Your goal:
Quote exactly the lines from the start of the entries to the one with "all by simp", both ends included.

--- START ---

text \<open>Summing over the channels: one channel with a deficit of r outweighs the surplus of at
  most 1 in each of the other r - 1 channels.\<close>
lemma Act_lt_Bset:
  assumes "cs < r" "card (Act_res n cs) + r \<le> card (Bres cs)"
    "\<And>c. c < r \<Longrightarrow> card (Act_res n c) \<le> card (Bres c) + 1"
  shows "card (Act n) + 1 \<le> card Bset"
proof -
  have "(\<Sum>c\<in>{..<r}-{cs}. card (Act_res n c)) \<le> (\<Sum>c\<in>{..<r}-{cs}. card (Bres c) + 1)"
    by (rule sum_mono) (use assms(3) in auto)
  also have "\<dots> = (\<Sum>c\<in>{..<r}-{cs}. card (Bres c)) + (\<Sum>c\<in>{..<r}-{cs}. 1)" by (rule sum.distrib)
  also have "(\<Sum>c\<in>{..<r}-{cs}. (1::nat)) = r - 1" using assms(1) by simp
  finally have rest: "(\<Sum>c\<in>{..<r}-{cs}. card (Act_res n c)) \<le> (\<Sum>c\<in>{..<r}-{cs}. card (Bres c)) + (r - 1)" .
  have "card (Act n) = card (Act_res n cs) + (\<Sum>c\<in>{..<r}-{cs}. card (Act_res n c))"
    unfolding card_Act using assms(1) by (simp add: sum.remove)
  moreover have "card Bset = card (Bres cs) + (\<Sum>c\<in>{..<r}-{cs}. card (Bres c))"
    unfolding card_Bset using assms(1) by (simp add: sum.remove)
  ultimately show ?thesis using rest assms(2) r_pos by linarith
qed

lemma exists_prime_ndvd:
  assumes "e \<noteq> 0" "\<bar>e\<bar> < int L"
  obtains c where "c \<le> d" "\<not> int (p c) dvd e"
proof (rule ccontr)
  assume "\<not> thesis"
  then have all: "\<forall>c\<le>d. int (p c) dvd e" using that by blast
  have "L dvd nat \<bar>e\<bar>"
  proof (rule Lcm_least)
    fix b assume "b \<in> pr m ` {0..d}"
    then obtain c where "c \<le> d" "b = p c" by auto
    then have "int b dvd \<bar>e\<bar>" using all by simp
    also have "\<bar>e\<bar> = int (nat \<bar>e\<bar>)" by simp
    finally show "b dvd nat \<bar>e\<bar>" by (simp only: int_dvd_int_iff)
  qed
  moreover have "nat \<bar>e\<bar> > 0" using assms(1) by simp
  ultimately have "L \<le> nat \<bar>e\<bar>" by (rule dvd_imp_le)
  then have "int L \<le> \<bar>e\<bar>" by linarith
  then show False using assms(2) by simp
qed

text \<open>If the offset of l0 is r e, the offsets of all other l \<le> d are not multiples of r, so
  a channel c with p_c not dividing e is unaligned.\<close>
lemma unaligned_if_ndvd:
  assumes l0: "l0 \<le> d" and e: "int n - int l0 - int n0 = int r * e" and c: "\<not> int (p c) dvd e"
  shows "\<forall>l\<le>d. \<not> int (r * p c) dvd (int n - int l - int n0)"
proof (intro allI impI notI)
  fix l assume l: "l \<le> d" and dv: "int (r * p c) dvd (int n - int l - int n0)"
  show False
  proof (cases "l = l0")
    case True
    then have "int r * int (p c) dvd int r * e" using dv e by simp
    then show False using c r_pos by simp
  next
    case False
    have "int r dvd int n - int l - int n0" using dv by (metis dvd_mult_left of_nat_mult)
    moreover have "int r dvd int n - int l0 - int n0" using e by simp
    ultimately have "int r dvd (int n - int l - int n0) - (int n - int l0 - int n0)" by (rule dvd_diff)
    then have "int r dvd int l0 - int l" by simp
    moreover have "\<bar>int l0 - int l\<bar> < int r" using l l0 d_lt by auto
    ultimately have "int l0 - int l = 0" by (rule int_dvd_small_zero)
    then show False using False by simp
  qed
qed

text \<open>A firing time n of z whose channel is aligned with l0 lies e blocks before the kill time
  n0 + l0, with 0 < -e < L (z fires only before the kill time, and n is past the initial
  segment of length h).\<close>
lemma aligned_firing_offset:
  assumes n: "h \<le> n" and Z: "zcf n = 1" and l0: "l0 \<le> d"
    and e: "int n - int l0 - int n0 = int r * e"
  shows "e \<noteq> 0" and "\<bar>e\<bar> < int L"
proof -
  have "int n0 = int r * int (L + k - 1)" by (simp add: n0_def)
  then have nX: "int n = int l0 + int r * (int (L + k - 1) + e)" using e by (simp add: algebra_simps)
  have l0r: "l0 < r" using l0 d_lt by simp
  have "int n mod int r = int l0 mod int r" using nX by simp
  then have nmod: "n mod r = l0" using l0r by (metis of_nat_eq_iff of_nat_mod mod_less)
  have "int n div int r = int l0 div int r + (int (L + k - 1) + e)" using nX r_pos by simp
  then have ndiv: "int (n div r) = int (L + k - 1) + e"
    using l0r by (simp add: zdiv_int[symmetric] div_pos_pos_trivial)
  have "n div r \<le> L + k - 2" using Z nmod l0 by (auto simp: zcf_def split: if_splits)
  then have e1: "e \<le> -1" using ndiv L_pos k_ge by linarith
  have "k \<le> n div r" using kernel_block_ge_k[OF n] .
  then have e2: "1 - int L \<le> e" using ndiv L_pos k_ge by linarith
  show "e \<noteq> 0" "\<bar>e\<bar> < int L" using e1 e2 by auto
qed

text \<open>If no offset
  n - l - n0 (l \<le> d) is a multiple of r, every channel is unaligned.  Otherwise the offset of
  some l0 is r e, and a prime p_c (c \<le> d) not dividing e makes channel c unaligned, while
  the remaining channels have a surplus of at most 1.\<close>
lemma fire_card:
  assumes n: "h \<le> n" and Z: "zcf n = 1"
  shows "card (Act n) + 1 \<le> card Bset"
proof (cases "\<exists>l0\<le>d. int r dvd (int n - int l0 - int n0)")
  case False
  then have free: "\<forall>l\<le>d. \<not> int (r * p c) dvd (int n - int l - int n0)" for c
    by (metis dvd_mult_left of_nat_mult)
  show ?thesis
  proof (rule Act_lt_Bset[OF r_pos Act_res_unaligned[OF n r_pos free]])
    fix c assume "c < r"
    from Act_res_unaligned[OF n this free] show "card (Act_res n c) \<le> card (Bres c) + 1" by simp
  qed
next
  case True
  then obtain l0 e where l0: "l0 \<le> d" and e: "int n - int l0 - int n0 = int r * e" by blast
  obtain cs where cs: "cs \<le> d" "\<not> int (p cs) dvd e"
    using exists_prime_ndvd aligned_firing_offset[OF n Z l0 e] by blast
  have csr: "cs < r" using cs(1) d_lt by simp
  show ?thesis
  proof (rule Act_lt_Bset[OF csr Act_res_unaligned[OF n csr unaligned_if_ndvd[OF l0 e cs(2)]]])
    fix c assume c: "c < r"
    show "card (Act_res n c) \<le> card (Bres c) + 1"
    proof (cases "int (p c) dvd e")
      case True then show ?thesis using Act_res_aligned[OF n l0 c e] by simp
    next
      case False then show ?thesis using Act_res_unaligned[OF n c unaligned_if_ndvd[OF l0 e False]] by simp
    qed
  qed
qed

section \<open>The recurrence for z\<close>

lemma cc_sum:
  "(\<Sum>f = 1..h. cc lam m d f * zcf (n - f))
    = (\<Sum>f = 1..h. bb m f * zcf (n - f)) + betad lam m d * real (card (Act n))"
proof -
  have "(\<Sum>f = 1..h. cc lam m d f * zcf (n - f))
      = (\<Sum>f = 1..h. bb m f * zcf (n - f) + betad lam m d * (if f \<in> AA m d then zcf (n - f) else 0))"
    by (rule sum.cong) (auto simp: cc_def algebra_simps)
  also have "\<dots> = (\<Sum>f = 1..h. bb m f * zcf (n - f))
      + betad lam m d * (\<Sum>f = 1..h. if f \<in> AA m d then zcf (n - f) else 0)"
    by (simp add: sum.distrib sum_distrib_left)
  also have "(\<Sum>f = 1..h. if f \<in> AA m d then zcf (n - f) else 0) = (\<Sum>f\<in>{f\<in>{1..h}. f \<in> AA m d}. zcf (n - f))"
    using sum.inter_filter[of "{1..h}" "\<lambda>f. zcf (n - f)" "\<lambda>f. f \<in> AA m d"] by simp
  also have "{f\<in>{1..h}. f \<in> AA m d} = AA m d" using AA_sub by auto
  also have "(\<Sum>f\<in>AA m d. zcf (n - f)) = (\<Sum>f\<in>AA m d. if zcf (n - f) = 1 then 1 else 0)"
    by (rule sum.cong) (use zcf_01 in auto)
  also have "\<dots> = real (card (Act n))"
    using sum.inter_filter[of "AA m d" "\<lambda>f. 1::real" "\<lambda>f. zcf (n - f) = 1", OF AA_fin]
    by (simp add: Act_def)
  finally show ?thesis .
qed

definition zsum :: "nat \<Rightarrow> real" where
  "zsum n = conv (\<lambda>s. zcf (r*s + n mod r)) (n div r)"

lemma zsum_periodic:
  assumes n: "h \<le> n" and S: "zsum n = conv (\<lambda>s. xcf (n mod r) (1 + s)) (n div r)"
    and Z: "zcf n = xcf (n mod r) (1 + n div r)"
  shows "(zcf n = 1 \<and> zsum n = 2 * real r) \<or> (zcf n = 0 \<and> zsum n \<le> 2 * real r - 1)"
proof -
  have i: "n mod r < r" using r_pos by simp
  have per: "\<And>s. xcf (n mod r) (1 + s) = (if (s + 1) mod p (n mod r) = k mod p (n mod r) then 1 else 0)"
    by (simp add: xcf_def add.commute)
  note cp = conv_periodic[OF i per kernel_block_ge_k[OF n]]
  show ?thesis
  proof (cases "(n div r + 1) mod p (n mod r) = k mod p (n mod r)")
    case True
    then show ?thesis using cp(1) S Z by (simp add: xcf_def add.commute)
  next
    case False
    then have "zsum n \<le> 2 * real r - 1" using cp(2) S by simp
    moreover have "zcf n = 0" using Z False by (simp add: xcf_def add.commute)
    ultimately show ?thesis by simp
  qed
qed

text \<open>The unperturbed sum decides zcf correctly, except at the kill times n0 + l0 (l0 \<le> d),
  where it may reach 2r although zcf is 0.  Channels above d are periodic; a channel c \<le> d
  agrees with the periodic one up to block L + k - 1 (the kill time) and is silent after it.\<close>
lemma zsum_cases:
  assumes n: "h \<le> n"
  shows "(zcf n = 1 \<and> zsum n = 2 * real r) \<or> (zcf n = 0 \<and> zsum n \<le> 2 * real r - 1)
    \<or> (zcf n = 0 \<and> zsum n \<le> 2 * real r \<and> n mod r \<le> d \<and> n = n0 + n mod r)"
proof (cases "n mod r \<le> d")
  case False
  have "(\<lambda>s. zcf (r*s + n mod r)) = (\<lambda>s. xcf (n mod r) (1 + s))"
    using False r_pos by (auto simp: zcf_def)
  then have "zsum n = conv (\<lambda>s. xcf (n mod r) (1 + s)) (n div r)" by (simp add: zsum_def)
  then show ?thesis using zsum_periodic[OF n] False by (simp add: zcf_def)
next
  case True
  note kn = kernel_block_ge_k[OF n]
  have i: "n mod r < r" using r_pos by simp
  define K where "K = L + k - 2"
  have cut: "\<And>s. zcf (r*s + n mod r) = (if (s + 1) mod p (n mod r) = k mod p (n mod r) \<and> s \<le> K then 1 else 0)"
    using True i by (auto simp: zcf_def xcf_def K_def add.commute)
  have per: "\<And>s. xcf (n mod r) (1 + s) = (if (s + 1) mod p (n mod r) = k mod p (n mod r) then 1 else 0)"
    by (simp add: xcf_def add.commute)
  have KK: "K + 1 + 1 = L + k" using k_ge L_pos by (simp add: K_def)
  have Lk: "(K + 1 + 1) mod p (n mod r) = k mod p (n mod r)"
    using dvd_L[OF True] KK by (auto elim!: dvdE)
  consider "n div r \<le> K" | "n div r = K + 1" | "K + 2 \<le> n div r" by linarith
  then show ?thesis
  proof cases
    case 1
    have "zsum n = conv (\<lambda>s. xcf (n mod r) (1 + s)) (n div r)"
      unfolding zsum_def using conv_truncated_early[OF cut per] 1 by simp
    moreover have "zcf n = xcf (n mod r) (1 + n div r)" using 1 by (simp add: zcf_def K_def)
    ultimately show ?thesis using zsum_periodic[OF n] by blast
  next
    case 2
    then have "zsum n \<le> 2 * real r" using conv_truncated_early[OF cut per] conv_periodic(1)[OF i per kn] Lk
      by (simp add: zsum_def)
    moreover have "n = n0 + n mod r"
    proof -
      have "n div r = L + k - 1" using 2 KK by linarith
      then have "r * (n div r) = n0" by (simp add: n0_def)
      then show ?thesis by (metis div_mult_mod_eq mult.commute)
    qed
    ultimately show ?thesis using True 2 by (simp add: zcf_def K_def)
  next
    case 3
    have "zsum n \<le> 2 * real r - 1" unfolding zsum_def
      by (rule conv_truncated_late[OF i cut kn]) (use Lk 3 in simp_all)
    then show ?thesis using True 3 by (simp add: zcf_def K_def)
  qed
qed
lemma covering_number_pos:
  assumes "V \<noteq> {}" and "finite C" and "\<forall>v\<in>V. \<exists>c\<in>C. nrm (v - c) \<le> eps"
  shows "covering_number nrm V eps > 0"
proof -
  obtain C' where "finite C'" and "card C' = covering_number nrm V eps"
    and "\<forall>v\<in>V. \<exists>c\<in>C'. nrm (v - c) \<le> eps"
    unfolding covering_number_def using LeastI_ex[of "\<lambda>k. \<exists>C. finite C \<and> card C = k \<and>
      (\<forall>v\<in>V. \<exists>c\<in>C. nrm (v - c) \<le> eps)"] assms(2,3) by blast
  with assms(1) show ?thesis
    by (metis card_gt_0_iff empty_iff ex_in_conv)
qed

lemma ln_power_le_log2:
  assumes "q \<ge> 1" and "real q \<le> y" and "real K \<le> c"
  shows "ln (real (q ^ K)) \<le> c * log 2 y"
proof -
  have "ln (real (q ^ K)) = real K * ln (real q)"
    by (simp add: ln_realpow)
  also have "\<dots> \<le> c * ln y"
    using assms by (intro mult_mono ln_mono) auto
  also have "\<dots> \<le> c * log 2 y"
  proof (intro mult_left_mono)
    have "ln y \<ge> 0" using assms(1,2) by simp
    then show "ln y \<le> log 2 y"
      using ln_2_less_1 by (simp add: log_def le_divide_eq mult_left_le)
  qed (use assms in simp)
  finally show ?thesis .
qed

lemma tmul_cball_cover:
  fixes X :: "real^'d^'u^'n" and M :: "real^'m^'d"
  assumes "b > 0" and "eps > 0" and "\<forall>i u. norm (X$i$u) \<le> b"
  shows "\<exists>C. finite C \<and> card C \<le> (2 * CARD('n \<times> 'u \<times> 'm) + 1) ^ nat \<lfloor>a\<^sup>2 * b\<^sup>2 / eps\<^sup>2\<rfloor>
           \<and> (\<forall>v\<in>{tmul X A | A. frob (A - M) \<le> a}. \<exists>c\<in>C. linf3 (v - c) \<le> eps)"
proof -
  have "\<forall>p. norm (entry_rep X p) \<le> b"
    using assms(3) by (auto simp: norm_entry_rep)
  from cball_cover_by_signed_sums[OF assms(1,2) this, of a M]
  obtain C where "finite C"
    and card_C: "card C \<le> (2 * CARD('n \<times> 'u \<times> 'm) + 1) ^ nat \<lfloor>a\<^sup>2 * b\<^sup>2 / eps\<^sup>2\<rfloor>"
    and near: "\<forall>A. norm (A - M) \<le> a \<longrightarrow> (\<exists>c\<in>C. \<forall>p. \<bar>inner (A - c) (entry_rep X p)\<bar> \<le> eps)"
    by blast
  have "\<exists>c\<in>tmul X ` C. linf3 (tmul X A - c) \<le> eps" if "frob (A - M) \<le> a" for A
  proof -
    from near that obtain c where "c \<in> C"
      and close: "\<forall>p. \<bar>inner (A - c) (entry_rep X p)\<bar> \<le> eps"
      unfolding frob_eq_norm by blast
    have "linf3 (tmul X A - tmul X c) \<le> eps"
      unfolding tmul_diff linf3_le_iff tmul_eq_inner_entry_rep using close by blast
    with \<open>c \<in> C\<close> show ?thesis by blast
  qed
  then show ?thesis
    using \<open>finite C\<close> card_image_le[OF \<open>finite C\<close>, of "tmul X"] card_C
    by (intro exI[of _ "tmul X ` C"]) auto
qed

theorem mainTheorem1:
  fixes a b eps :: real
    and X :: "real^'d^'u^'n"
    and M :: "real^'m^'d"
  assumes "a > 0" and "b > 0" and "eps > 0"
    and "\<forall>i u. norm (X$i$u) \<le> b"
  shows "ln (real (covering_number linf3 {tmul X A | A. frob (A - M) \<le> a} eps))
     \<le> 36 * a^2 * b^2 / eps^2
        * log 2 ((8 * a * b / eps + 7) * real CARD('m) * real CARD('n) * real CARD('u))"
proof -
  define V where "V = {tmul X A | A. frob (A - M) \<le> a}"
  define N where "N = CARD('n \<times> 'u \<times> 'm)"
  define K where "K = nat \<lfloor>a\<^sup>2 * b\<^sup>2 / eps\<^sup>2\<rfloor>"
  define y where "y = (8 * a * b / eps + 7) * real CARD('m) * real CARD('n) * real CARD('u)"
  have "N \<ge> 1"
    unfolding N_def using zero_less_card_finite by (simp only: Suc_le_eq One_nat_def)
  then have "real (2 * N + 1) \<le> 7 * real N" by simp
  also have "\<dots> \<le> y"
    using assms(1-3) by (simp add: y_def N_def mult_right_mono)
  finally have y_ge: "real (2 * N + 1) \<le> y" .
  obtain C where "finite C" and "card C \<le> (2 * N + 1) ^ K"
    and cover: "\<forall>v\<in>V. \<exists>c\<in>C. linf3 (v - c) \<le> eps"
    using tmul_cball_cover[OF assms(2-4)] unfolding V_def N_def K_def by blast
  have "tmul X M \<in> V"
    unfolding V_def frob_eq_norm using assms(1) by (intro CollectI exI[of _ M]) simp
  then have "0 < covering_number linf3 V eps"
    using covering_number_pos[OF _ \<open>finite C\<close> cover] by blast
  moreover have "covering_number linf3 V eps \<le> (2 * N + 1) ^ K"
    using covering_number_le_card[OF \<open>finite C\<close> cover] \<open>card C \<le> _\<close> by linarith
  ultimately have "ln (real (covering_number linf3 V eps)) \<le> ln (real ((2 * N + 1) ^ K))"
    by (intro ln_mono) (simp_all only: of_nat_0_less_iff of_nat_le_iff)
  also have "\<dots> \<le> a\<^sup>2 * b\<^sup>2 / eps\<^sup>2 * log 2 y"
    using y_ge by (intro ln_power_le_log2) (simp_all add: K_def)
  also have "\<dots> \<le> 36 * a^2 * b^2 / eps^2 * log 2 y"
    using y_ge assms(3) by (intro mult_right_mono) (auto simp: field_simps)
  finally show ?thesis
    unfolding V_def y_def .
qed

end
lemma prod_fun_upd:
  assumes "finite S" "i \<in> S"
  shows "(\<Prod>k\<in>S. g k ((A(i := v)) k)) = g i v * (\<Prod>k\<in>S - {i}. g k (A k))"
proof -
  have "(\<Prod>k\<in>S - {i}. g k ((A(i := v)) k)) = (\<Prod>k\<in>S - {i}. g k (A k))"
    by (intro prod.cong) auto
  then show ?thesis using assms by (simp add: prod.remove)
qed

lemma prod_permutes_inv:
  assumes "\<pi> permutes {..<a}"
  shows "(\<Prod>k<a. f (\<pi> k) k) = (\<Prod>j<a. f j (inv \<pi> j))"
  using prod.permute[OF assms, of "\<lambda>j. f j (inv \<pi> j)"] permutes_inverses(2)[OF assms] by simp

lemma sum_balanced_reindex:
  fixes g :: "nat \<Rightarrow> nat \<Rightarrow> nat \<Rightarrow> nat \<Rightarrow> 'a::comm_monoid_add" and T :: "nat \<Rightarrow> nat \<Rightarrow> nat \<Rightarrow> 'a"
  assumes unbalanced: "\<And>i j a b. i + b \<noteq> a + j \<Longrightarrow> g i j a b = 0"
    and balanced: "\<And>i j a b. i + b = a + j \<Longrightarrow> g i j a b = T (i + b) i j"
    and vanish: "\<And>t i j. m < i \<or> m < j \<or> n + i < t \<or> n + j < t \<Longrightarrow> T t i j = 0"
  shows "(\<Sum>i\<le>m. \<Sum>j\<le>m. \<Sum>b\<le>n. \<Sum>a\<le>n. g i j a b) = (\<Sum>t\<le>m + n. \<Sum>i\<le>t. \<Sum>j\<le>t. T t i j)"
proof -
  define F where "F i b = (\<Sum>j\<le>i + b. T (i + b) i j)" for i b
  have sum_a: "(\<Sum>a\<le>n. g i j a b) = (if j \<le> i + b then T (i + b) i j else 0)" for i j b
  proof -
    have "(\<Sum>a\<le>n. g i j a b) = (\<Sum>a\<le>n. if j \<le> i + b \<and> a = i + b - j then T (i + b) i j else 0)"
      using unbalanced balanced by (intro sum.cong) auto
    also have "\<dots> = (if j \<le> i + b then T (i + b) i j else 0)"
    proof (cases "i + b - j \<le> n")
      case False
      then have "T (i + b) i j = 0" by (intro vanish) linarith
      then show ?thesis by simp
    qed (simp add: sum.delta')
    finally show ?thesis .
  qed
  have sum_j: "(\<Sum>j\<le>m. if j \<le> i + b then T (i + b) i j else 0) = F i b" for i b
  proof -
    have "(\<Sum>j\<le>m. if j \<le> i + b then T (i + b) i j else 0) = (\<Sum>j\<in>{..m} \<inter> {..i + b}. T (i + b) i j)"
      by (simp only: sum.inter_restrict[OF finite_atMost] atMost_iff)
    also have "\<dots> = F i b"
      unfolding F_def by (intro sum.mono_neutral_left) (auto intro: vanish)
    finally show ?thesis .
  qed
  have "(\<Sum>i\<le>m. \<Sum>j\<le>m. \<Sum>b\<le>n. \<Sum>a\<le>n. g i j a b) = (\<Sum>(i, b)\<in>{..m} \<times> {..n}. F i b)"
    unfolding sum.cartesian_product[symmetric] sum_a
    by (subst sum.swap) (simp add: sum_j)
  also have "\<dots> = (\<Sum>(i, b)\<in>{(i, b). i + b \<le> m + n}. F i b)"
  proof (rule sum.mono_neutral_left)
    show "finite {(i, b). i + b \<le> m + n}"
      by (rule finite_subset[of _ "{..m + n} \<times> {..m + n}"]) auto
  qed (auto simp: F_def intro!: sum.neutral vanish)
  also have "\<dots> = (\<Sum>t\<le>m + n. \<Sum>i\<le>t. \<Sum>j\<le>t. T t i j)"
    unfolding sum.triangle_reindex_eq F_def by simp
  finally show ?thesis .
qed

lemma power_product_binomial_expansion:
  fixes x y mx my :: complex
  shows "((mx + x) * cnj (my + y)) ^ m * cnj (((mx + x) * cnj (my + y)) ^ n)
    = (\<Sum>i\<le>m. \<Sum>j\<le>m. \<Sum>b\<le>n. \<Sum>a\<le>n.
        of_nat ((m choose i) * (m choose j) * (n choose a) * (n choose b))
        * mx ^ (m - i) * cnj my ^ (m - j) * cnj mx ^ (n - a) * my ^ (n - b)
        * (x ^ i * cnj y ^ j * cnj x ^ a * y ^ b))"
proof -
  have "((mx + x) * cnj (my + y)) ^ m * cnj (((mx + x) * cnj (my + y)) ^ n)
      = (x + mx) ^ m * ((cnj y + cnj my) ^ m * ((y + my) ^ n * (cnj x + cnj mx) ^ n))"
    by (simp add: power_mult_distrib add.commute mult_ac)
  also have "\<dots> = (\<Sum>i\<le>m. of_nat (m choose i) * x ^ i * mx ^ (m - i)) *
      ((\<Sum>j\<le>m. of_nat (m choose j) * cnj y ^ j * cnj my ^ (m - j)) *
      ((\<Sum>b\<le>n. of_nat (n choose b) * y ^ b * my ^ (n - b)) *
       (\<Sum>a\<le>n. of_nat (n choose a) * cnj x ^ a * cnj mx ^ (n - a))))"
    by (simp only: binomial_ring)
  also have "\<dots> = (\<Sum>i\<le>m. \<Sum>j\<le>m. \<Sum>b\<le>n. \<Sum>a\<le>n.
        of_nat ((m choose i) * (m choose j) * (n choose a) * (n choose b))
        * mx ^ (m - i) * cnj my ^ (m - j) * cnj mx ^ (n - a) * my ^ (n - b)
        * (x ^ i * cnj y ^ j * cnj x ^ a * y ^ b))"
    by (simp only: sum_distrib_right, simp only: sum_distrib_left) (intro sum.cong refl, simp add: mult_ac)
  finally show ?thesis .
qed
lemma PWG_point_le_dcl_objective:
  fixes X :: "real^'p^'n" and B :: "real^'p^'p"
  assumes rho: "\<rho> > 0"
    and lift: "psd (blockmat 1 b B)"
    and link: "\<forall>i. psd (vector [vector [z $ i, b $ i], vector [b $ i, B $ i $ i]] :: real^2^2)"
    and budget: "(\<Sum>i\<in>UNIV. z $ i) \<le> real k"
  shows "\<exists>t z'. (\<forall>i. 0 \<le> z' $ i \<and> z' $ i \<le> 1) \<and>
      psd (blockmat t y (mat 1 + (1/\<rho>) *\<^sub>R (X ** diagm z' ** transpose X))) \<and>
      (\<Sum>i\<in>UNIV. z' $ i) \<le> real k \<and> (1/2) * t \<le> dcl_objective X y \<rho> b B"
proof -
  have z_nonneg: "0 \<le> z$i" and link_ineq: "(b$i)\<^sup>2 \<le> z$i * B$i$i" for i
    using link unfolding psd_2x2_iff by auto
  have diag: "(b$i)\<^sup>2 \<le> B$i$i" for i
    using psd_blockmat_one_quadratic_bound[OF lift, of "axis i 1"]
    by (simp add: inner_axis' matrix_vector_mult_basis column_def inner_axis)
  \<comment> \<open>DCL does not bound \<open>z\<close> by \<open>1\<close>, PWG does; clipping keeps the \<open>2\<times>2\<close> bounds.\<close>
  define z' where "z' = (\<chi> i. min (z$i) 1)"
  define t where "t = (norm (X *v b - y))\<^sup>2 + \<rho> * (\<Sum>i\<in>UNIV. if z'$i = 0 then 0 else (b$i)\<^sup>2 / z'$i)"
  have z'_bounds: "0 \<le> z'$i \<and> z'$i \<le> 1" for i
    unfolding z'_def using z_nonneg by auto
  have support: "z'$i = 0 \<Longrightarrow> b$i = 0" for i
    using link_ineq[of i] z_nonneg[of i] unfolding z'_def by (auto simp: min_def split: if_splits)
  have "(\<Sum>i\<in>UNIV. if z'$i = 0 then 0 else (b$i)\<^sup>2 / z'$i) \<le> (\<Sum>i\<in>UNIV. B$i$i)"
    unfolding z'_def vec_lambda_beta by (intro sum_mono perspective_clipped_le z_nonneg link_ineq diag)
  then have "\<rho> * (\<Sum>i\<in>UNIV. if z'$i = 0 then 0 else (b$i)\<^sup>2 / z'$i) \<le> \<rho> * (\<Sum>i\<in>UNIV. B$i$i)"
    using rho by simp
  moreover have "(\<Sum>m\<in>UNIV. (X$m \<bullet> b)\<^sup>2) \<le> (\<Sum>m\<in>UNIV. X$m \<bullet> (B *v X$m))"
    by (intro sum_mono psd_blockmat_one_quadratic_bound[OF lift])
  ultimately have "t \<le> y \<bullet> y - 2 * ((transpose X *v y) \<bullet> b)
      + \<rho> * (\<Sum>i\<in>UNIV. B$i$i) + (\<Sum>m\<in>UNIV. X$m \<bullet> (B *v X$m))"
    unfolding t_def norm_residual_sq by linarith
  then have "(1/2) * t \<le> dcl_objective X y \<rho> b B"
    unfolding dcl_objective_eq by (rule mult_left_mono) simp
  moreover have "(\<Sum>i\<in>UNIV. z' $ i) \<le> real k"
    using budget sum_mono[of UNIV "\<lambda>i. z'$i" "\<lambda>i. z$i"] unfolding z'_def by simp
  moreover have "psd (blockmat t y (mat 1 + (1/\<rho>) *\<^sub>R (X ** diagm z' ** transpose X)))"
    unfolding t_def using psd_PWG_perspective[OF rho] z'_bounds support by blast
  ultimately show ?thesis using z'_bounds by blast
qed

--- END ---

Written response:
text \<open>Summing over the channels: one channel with a deficit of r outweighs the surplus of at
  most 1 in each of the other r - 1 channels.\<close>
lemma Act_lt_Bset:
  assumes "cs < r" "card (Act_res n cs) + r \<le> card (Bres cs)"
    "\<And>c. c < r \<Longrightarrow> card (Act_res n c) \<le> card (Bres c) + 1"
  shows "card (Act n) + 1 \<le> card Bset"
proof -
  have "(\<Sum>c\<in>{..<r}-{cs}. card (Act_res n c)) \<le> (\<Sum>c\<in>{..<r}-{cs}. card (Bres c) + 1)"
    by (rule sum_mono) (use assms(3) in auto)
  also have "\<dots> = (\<Sum>c\<in>{..<r}-{cs}. card (Bres c)) + (\<Sum>c\<in>{..<r}-{cs}. 1)" by (rule sum.distrib)
  also have "(\<Sum>c\<in>{..<r}-{cs}. (1::nat)) = r - 1" using assms(1) by simp
  finally have rest: "(\<Sum>c\<in>{..<r}-{cs}. card (Act_res n c)) \<le> (\<Sum>c\<in>{..<r}-{cs}. card (Bres c)) + (r - 1)" .
  have "card (Act n) = card (Act_res n cs) + (\<Sum>c\<in>{..<r}-{cs}. card (Act_res n c))"
    unfolding card_Act using assms(1) by (simp add: sum.remove)
  moreover have "card Bset = card (Bres cs) + (\<Sum>c\<in>{..<r}-{cs}. card (Bres c))"
    unfolding card_Bset using assms(1) by (simp add: sum.remove)
  ultimately show ?thesis using rest assms(2) r_pos by linarith
qed

lemma exists_prime_ndvd:
  assumes "e \<noteq> 0" "\<bar>e\<bar> < int L"
  obtains c where "c \<le> d" "\<not> int (p c) dvd e"
proof (rule ccontr)
  assume "\<not> thesis"
  then have all: "\<forall>c\<le>d. int (p c) dvd e" using that by blast
  have "L dvd nat \<bar>e\<bar>"
  proof (rule Lcm_least)
    fix b assume "b \<in> pr m ` {0..d}"
    then obtain c where "c \<le> d" "b = p c" by auto
    then have "int b dvd \<bar>e\<bar>" using all by simp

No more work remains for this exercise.